─── Supplied data

lemma doubled_odd_edge_padded:
  assumes "Y \<subseteq> {..<N}" and "card Y = s" and "N + s \<le> k" and "y \<in> Y"
  defines "F \<equiv> {Suc N..<Suc N + (k + 1 - s)}"
  shows "{F \<union> Suc ` Y, F \<union> Suc ` Y - {Suc y}} \<in> doubled_odd_edges k"
proof (rule doubled_odd_edge_remove)
  have "finite Y"
    using assms(1) finite_subset by blast
  show "F \<union> Suc ` Y \<subseteq> {1..2 * k + 1}"
    using assms(1,3) unfolding F_def by auto
  have "F \<inter> Suc ` Y = {}"
    using assms(1) unfolding F_def by auto
  then show "card (F \<union> Suc ` Y) = k + 1"
    using \<open>finite Y\<close> assms(2,3) unfolding F_def by (simp add: card_Un_disjoint card_image)
  show "Suc y \<in> F \<union> Suc ` Y"
    using assms(4) by simp
qed

lemma monochromatic_tri_embedding:
  fixes t K :: nat
  obtains k0 where "\<And>k c. k0 \<le> k \<Longrightarrow> (\<forall>E\<in>doubled_odd_edges k. c E < t) \<Longrightarrow>
    \<exists>j<t. \<exists>F e. tri_embedding {E \<in> doubled_odd_edges k. c E = j} K F e"
proof -
  define s where "s = 2 * t + 1"
  obtain N :: nat where N: "\<And>\<chi>. (\<And>Y i. Y \<in> nsets {..<N} s \<Longrightarrow> i < s \<Longrightarrow> \<chi> Y i < t) \<Longrightarrow>
      \<exists>H j r1 r2 r3. H \<in> nsets {..<N} (s * K) \<and> j < t \<and> distinct [r1, r2, r3] \<and> {r1, r2, r3} \<subseteq> {..<s} \<and>
        (\<forall>Y \<in> nsets H s. \<forall>r \<in> {r1, r2, r3}. \<chi> Y r = j)"
    using ramsey_three_equal_positions[where t = t and m = "s * K"] unfolding s_def by blast
  show thesis
  proof (rule that[of "N + s"])
    fix k and c :: "nat set set \<Rightarrow> nat"
    assume k: "N + s \<le> k" and col: "\<forall>E\<in>doubled_odd_edges k. c E < t"
    define F where "F = {Suc N..<Suc N + (k + 1 - s)}"
    define \<chi> where "\<chi> Y r = c {F \<union> Suc ` Y, F \<union> Suc ` Y - {Suc (sorted_list_of_set Y ! r)}}" for Y r
    have edge: "{F \<union> Suc ` Y, F \<union> Suc ` Y - {Suc (sorted_list_of_set Y ! r)}} \<in> doubled_odd_edges k"
      if Y: "Y \<in> nsets {..<N} s" and "r < s" for Y r
    proof -
      have "Y \<subseteq> {..<N}" "finite Y" "card Y = s"
        using Y by (auto simp: nsets_def)
      then have "sorted_list_of_set Y ! r \<in> Y"
        using \<open>r < s\<close> by (metis length_sorted_list_of_set nth_mem set_sorted_list_of_set)
      then show ?thesis
        using doubled_odd_edge_padded[OF \<open>Y \<subseteq> {..<N}\<close> \<open>card Y = s\<close> k] unfolding F_def by blast
    qed
    have "\<chi> Y r < t" if "Y \<in> nsets {..<N} s" "r < s" for Y r
      using col edge[OF that] unfolding \<chi>_def by blast
    then have "\<exists>H j r1 r2 r3. H \<in> nsets {..<N} (s * K) \<and> j < t \<and> distinct [r1, r2, r3] \<and>
        {r1, r2, r3} \<subseteq> {..<s} \<and> (\<forall>Y \<in> nsets H s. \<forall>r \<in> {r1, r2, r3}. \<chi> Y r = j)"
      by (rule N)
    then obtain H j r1 r2 r3 where H: "H \<in> nsets {..<N} (s * K)" and "j < t"
      and r: "distinct [r1, r2, r3]" "{r1, r2, r3} \<subseteq> {..<s}"
      and hom: "\<forall>Y \<in> nsets H s. \<forall>r \<in> {r1, r2, r3}. \<chi> Y r = j"
      by (elim exE conjE)
    then have H: "H \<subseteq> {..<N}" "finite H" "card H = s * K"
      by (auto simp: nsets_def)
    have "\<exists>F' e. tri_embedding {E \<in> doubled_odd_edges k. c E = j} K F' e"
    proof (rule tri_embedding_of_homogeneous[OF H(2,3) _ _ r])
      show "inj_on Suc H"
        by simp
      show "F \<inter> Suc ` H = {}"
        using H(1) unfolding F_def by auto
      fix Y r assume Y: "Y \<subseteq> H" "card Y = s" and "r \<in> {r1, r2, r3}"
      then have "Y \<in> nsets H s" "Y \<in> nsets {..<N} s" "r < s"
        using H r finite_subset by (auto simp: nsets_def)
      then show "{F \<union> Suc ` Y, F \<union> Suc ` Y - {Suc (sorted_list_of_set Y ! r)}}
          \<in> {E \<in> doubled_odd_edges k. c E = j}"
        using edge hom \<open>r \<in> {r1, r2, r3}\<close> unfolding \<chi>_def by auto
    qed
    then show "\<exists>j<t. \<exists>F e. tri_embedding {E \<in> doubled_odd_edges k. c E = j} K F e"
      using \<open>j < t\<close> by blast
  qed
qed
lemma integral_factorizes:
  fixes f :: "bool \<Rightarrow> real" and g :: "bool \<times> bool \<Rightarrow> real"
    and h :: "bool \<times> bool \<times> bool \<times> bool \<Rightarrow> real"
  shows "integrable P (\<lambda>x. f (D x) * g (Mpair x) * h (Yquad x))"
    and "(\<integral>x. f (D x) * g (Mpair x) * h (Yquad x) \<partial>P)
         = (\<integral>x. f (D x) \<partial>P) * (\<integral>x. g (Mpair x) \<partial>P) * (\<integral>x. h (Yquad x) \<partial>P)"
proof -
  define F :: "nat \<Rightarrow> bool list \<Rightarrow> real" where
    "F i l = (if i = 0 then f (l!0) else if i = 1 then g (l!0, l!1) else h (l!0, l!1, l!2, l!3))"
    for i l
  have "range (F i) \<subseteq> range f \<union> range g \<union> range h" for i
    by (auto simp: F_def)
  then have bounded: "bounded (range (F i))" for i
    by (rule finite_imp_bounded[OF finite_subset]) simp
  have blocks: "F i (potential_blocks D Mp Yp i x)
      = (if i = 0 then f (D x) else if i = 1 then g (Mpair x) else h (Yquad x))" for i x
    by (simp add: F_def potential_blocks_def Mpair_def Yquad_def)
  have prod_blocks: "(\<Prod>i\<in>{0, 1, 2}. F i (potential_blocks D Mp Yp i x))
      = f (D x) * g (Mpair x) * h (Yquad x)" for x
    by (simp add: blocks)
  have prod_integrals: "(\<Prod>i\<in>{0, 1, 2}. \<integral>x. F i (potential_blocks D Mp Yp i x) \<partial>P)
      = (\<integral>x. f (D x) \<partial>P) * (\<integral>x. g (Mpair x) \<partial>P) * (\<integral>x. h (Yquad x) \<partial>P)"
    by (simp add: blocks)
  note prod = indep_vars_integral_prod_bounded[where F = F, OF _ indep_blocks bounded]
  show "integrable P (\<lambda>x. f (D x) * g (Mpair x) * h (Yquad x))"
    using prod(1) unfolding prod_blocks by simp
  show "(\<integral>x. f (D x) * g (Mpair x) * h (Yquad x) \<partial>P)
         = (\<integral>x. f (D x) \<partial>P) * (\<integral>x. g (Mpair x) \<partial>P) * (\<integral>x. h (Yquad x) \<partial>P)"
    using prod(2) unfolding prod_blocks prod_integrals by simp
qed

lemma integrable_Mpair:
  fixes g :: "bool \<times> bool \<Rightarrow> real"
  shows "integrable P (\<lambda>x. g (Mpair x))"
  using integral_factorizes(1)[of "\<lambda>_. 1" g "\<lambda>_. 1"] by simp

lemma integrable_Yp: "integrable P (\<lambda>x. of_bool (Yp d m x) :: real)"
  using integral_factorizes(1)[of "\<lambda>_. 1" "\<lambda>_. 1"
      "\<lambda>(y00, y01, y10, y11). of_bool (if d then if m then y11 else y10 else if m then y01 else y00)"]
  by (cases d; cases m) (simp_all add: Yquad_def)

lemma integral_D_Mpair:
  fixes f :: "bool \<Rightarrow> real" and g :: "bool \<times> bool \<Rightarrow> real"
  shows "integrable P (\<lambda>x. f (D x) * g (Mpair x))"
    and "(\<integral>x. f (D x) * g (Mpair x) \<partial>P) = (\<integral>x. f (D x) \<partial>P) * (\<integral>x. g (Mpair x) \<partial>P)"
  using integral_factorizes[of f g "\<lambda>_. 1"] by (simp_all add: prob_space)

abbreviation treated_prob :: real where
  "treated_prob \<equiv> measure P {x \<in> space P. D x}"

abbreviation stratum_prob :: "stratum \<Rightarrow> real" where
  "stratum_prob s \<equiv> measure P {x \<in> space P. strat Mp x = s}"

abbreviation stratum_ate :: "stratum \<Rightarrow> real" where
  "stratum_ate s \<equiv> cond_exp_ev P (effect Mp Yp) {x \<in> space P. strat Mp x = s}"

abbreviation force_if_stopped :: "bool \<Rightarrow> real" where
  "force_if_stopped d \<equiv> \<integral>x. of_bool (Yp d True x) \<partial>P"
(* $\mathsf{Permutation}\in\mathsf{dAM}[O(\log n)]$, where in $\mathsf{Permutation}$ each node $u$ of the $n$-node communication graph holds a value $a_u\in\{1,\dots,n\}$ and the instance is in the language iff the values $(a_u)_{u\in V}$ are pairwise distinct (i.e. form a permutation of $\{1,\dots,n\}$).
   Context: Distributed interactive proofs (model). An instance consists of a connected communication graph $G=(V,E)$ with $|V|=n$, where each node has a unique identifier of $O(\log n)$ bits, knows $n$, knows its own identifier, its local input (if the problem has local inputs), and the identifiers of its neighbours (with an arbitrary port numbering of its incident edges). A prover, who sees the whole instance, interacts with all nodes in $r$ alternating messages. In a verifier (node) message each node independently samples fresh uniformly random bits and sends them to the prover (public coins). In a prover message the prover sends each node a string. Nodes may additionally exchange the strings they received from the prover with their neighbours in $G$. At the end each node deterministically accepts or rejects as a function of its local information, its own random bits, the strings it received from the prover and those its neighbours received; the instance is accepted iff all nodes accept. The proof size is the maximum number of bits in any single message between the prover and any node. A language $\mathcal L$ (set of instances) is in $\mathsf{dIP}[r,\ell]$ if there is an $r$-message protocol of proof size $\ell=\ell(n)$ such that (completeness) for every instance in $\mathcal L$ some prover makes all nodes accept with probability $>2/3$, and (soundness) for every instance not in $\mathcal L$ and every prover, all nodes accept with probability $<1/3$ (probabilities over the nodes' coins). $\mathsf{dAM}[\ell]$, $\mathsf{dMAM}[\ell]$, $\mathsf{dAMAM}[\ell]$, $\mathsf{dMAMAM}[\ell]$ denote the cases of 2, 3, 4, 5 messages, where the letters indicate who sends each message in order (A = nodes send random coins, M = prover). *)

theory Defs
  imports Main "HOL-Library.FuncSet" "HOL-Library.Landau_Symbols"
begin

──────

◆ **Brief**:
Take the lines above from the one containing "d \<equiv> \<integral>x." down to the one containing "n)]$, where in", and transcribe them exactly, both ends included.

◆ **Task solution**:
  "force_if_stopped d \<equiv> \<integral>x. of_bool (Yp d True x) \<partial>P"
(* $\mathsf{Permutation}\in\mathsf{dAM}[O(\log n)]$, where in $\mathsf{Permutation}$ each node $u$ of the $n$-node communication graph holds a value $a_u\in\{1,\dots,n\}$ and the instance is in the language iff the values $(a_u)_{u\in V}$ are pairwise distinct (i.e. form a permutation of $\{1,\dots,n\}$).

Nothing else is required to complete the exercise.